After Tito’s death, cconomic austerity and privatization imposed by the International Monetary Fund (IMF) enhanced social inequality and led to a collapse in industrial productivity and living standards, creating the conditions which exacerbated ethnic rivalries, and resulted in national disintegration and war.[14] By 1990, independence movements arose in the provinces of Slovenia, Croatia, Macedonia, and Bosnia-Herzegovina (Bosnia), which the U.S. and others particularly Germany were intent on exploiting for their advantage.[15]
During the 1980s, the Reagan administration targeted the Yugoslav economy in a secret memo, NSDD 133, which advocated expanded efforts to promote a “quiet revolution to overthrow Communist governments and parties” while “reintegrating the countries of Eastern Europe into a market-oriented economy.”[16]
While the war formally started in June 1991, after Slovenia and Croatia announced their independence, this strategy was continued through the Clinton era when the United States supported the secessionist movements and imposed sanctions combined with a devastating economic blockade on Yugoslavia—even though the World Court ruled that Serbia was not the aggressor in Bosnia.[17]
The Yugoslav army, dominated by Serbs, tried to put down the secessionist rebellions and occupied Croatia. The fledgling Croat army struck back by driving out two-thirds of the Serbs from the capital of Zagreb and torturing and raping Serbs in cities like Vukovar.[18]
On October 14, 1991, Muslim and Croat legislators in Bosnia announced their secession from Yugoslavia. Radovan Karadžić, a psychiatrist who considered himself the greatest Serb leader since Karadjordje (AKA “Black George”), who had led a Serb uprising against the Ottoman Turks in 1804, subsequently declared an independent Serb Republic of Srpska.[19]
The Bosnian Muslim army—which fought primarily against the Serbs—was helped by U.S. Special Forces advisers, and wore U.S. military uniforms supplied by U.S. military contractors.[20]
U.S. Special Forces also trained the Albanian-dominated Kosovo Liberation Army (KLA) in the effort to unseat Milošević, who was considered a relic of a bygone era as the last socialist leader in Europe.
A key purpose underlying U.S. military intervention in the Balkans was to justify the existence of the North Atlantic Treaty Organization (NATO) following the end of the Cold War and to begin to facilitate its expansion into Eastern Europe, for which Biden was a strong proponent.[21]
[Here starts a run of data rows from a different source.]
lemma rank_fn_submodular:
  "rank_fn M (X \<union> Y) + rank_fn M (X \<inter> Y) \<le> rank_fn M X + rank_fn M Y"
proof -
  \<comment> \<open>Extend a basis of \<open>X \<inter> Y\<close> to one of \<open>X \<union> Y\<close>, and count its traces on \<open>X\<close> and \<open>Y\<close>.\<close>
  obtain B0 where B0: "indep M B0" "B0 \<subseteq> X \<inter> Y" "card B0 = rank_fn M (X \<inter> Y)"
    by (rule rank_fn_witness)
  then obtain B where B: "indep M B" "B0 \<subseteq> B" "B \<subseteq> X \<union> Y" "card B = rank_fn M (X \<union> Y)"
    using indep_extend_to_rank_fn[OF B0(1), of "X \<union> Y"] B0(2) by blast
  have "finite B"
    using B(1) by (rule indep_finite)
  have "card (B \<inter> X) + card (B \<inter> Y) = card B + card (B \<inter> X \<inter> Y)"
    using card_Un_Int[of "B \<inter> X" "B \<inter> Y"] \<open>finite B\<close> B(3)
    by (simp add: Int_Un_distrib[symmetric] Int_absorb2 Int_assoc Int_left_commute)
  moreover have "card B0 \<le> card (B \<inter> X \<inter> Y)"
    using B0 B \<open>finite B\<close> by (intro card_mono) auto
  moreover have "card (B \<inter> X) \<le> rank_fn M X" "card (B \<inter> Y) \<le> rank_fn M Y"
    using B(1) by (auto intro!: card_indep_le_rank_fn elim: indep_subset)
  ultimately show ?thesis
    using B(4) B0(3) by linarith
qed

lemma rank_fn_Un_le: "rank_fn M (X \<union> Y) \<le> rank_fn M X + rank_fn M Y"
  using rank_fn_submodular[of X Y] by linarith

lemma is_basis_if_card_eq_rank:
  assumes "indep M B" "card B = matroid_rank M"
  shows "is_basis M B"
  unfolding is_basis_def
proof (intro conjI allI impI)
  fix I
  assume I: "indep M I \<and> B \<subseteq> I"
  then have "card I \<le> card B"
    using assms(2) card_indep_le_rank_fn indep_subset_ground unfolding matroid_rank_def by auto
  then show "I = B"
    using I indep_finite card_seteq by blast
qed (fact assms(1))

lemma rado_condition_nonempty:
  assumes "rado_condition M n A" "i < n"
  shows "A i \<noteq> {}"
proof -
  have "card {i} \<le> rank_fn M (\<Union>j\<in>{i}. A j)"
    using assms unfolding rado_condition_def by blast
  then show ?thesis
    using rank_fn_empty by auto
qed

lemma rado_condition_remove_one:
  assumes rado: "rado_condition M n A" and "k < n"
    and y: "y1 \<in> A k" "y2 \<in> A k" "y1 \<noteq> y2"
  shows "rado_condition M n (A(k := A k - {y1})) \<or> rado_condition M n (A(k := A k - {y2}))"
proof (rule ccontr)
  assume "\<not> ?thesis"
  then obtain J1 J2
    where J1: "J1 \<subseteq> {..<n}" "rank_fn M (\<Union>i\<in>J1. (A(k := A k - {y1})) i) < card J1"
      and J2: "J2 \<subseteq> {..<n}" "rank_fn M (\<Union>i\<in>J2. (A(k := A k - {y2})) i) < card J2"
    unfolding rado_condition_def by (meson not_le)
  have violator_contains_k: "k \<in> J"
    if "J \<subseteq> {..<n}" "rank_fn M (\<Union>i\<in>J. (A(k := B)) i) < card J" for J B
  proof (rule ccontr)
    assume "k \<notin> J"
    then have "(\<Union>i\<in>J. (A(k := B)) i) = (\<Union>i\<in>J. A i)"
      by auto
    then show False
      using that rado unfolding rado_condition_def by (simp add: not_le[symmetric])
  qed
  have "k \<in> J1" "k \<in> J2"
    using violator_contains_k J1 J2 by blast+
  define X where "X = (\<Union>i\<in>J1. (A(k := A k - {y1})) i)"
  define Y where "Y = (\<Union>i\<in>J2. (A(k := A k - {y2})) i)"
  have "(\<Union>i\<in>J1 \<union> J2. A i) \<subseteq> X \<union> Y"
    unfolding X_def Y_def using \<open>k \<in> J1\<close> \<open>k \<in> J2\<close> y(3) by fastforce
  then have union: "card (J1 \<union> J2) \<le> rank_fn M (X \<union> Y)"
    using rado J1(1) J2(1) rank_fn_mono unfolding rado_condition_def by (meson le_supI order_trans)
  have "(\<Union>i\<in>J1 \<inter> J2 - {k}. A i) \<subseteq> X \<inter> Y"
    unfolding X_def Y_def by auto
  then have inter: "card (J1 \<inter> J2 - {k}) \<le> rank_fn M (X \<inter> Y)"
    using rado J1(1) rank_fn_mono unfolding rado_condition_def by (meson Diff_subset le_infI1 order_trans)
  have "finite J1" "finite J2"
    using J1(1) J2(1) finite_subset by blast+
  then have "card (J1 \<union> J2) + card (J1 \<inter> J2 - {k}) + 1 = card J1 + card J2"
    using card_Un_Int[of J1 J2] card_Suc_Diff1[of "J1 \<inter> J2" k] \<open>k \<in> J1\<close> \<open>k \<in> J2\<close> by simp
  then show False
    using rank_fn_submodular[of X Y] union inter J1(2) J2(2) unfolding X_def Y_def by linarith
qed

theorem rado:
  assumes "\<forall>i<n. A i \<subseteq> gset M" and "rado_condition M n A"
  shows "\<exists>x. inj_on x {..<n} \<and> (\<forall>i<n. x i \<in> A i) \<and> indep M (x ` {..<n})"
  using assms
proof (induction "\<Sum>i<n. card (A i)" arbitrary: A rule: less_induct)
  case less
  show ?case
  proof (cases "\<exists>k<n. \<exists>y1 y2. y1 \<in> A k \<and> y2 \<in> A k \<and> y1 \<noteq> y2")
    case True
    then obtain k y1 y2 where k: "k < n" "y1 \<in> A k" "y2 \<in> A k" "y1 \<noteq> y2"
      by blast
    then obtain y where y: "y \<in> A k" "rado_condition M n (A(k := A k - {y}))"
      using rado_condition_remove_one[OF less.prems(2)] by blast
    have finite_A: "finite (A i)" if "i < n" for i
      using less.prems(1) that finite_ground finite_subset by blast
    have "card (A k - {y}) < card (A k)"
      using finite_A k(1) y(1) by (intro card_Diff1_less)
    then have smaller: "(\<Sum>i<n. card ((A(k := A k - {y})) i)) < (\<Sum>i<n. card (A i))"
      using finite_A k(1) by (intro sum_strict_mono_ex1) (auto intro: card_mono)
    have shrunk: "(A(k := A k - {y})) i \<subseteq> A i" for i
      by simp
    then have "\<forall>i<n. (A(k := A k - {y})) i \<subseteq> gset M"
      using less.prems(1) by blast
    then obtain x where "inj_on x {..<n}" "\<forall>i<n. x i \<in> (A(k := A k - {y})) i"
      "indep M (x ` {..<n})"
      using less.hyps[OF smaller _ y(2)] by blast
    then show ?thesis
      using shrunk by blast
  next
    case False
    define x where "x i = (SOME y. y \<in> A i)" for i
    have A_eq: "A i = {x i}" if "i < n" for i
      using False that rado_condition_nonempty[OF less.prems(2) that] someI_ex[of "\<lambda>y. y \<in> A i"]
      unfolding x_def by blast
    then have "(\<Union>i\<in>{..<n}. A i) = x ` {..<n}"
      by auto
    then have "n \<le> rank_fn M (x ` {..<n})"
      using less.prems(2) unfolding rado_condition_def by (metis card_lessThan order_refl)
    moreover have "card (x ` {..<n}) \<le> n"
      by (metis card_image_le card_lessThan finite_lessThan)
    moreover have "rank_fn M (x ` {..<n}) \<le> card (x ` {..<n})"
      by (simp add: rank_fn_le_card)
    ultimately have "indep M (x ` {..<n})" "inj_on x {..<n}"
      using indep_iff_rank_fn_ge_card eq_card_imp_inj_on[of "{..<n}" x] by auto
    then show ?thesis
      using A_eq by auto
  qed
qed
In 1999, at the time of the Kosovo war, President Bill Clinton began promoting the Southeast European Trade Initiative, which eliminated tariffs on a host of imports from the Balkans, with the exception of Serbia under Milošević who was resistant.[22]
The U.S. succeeded further in expanding its network of overseas military bases with the construction of Camp Bondsteel on 775 expropriated acres of rolling countryside near the Macedonian border as a spoil of victory.
Biden wrote in his memoir that Camp Bondsteel provided a “strong statement of U.S. intentions” in the war.[23] A roadway next to the base characteristically was named after Joe’s son, Beau Biden, who served as a legal adviser in Kosovo.[24]
In the Shadow of Averell Harriman
As we know, Biden started his Senate career promoting troop withdrawals from Vietnam but, by the 1990s, he had transformed himself into a strong proponent of socalled “humanitarian intervention.”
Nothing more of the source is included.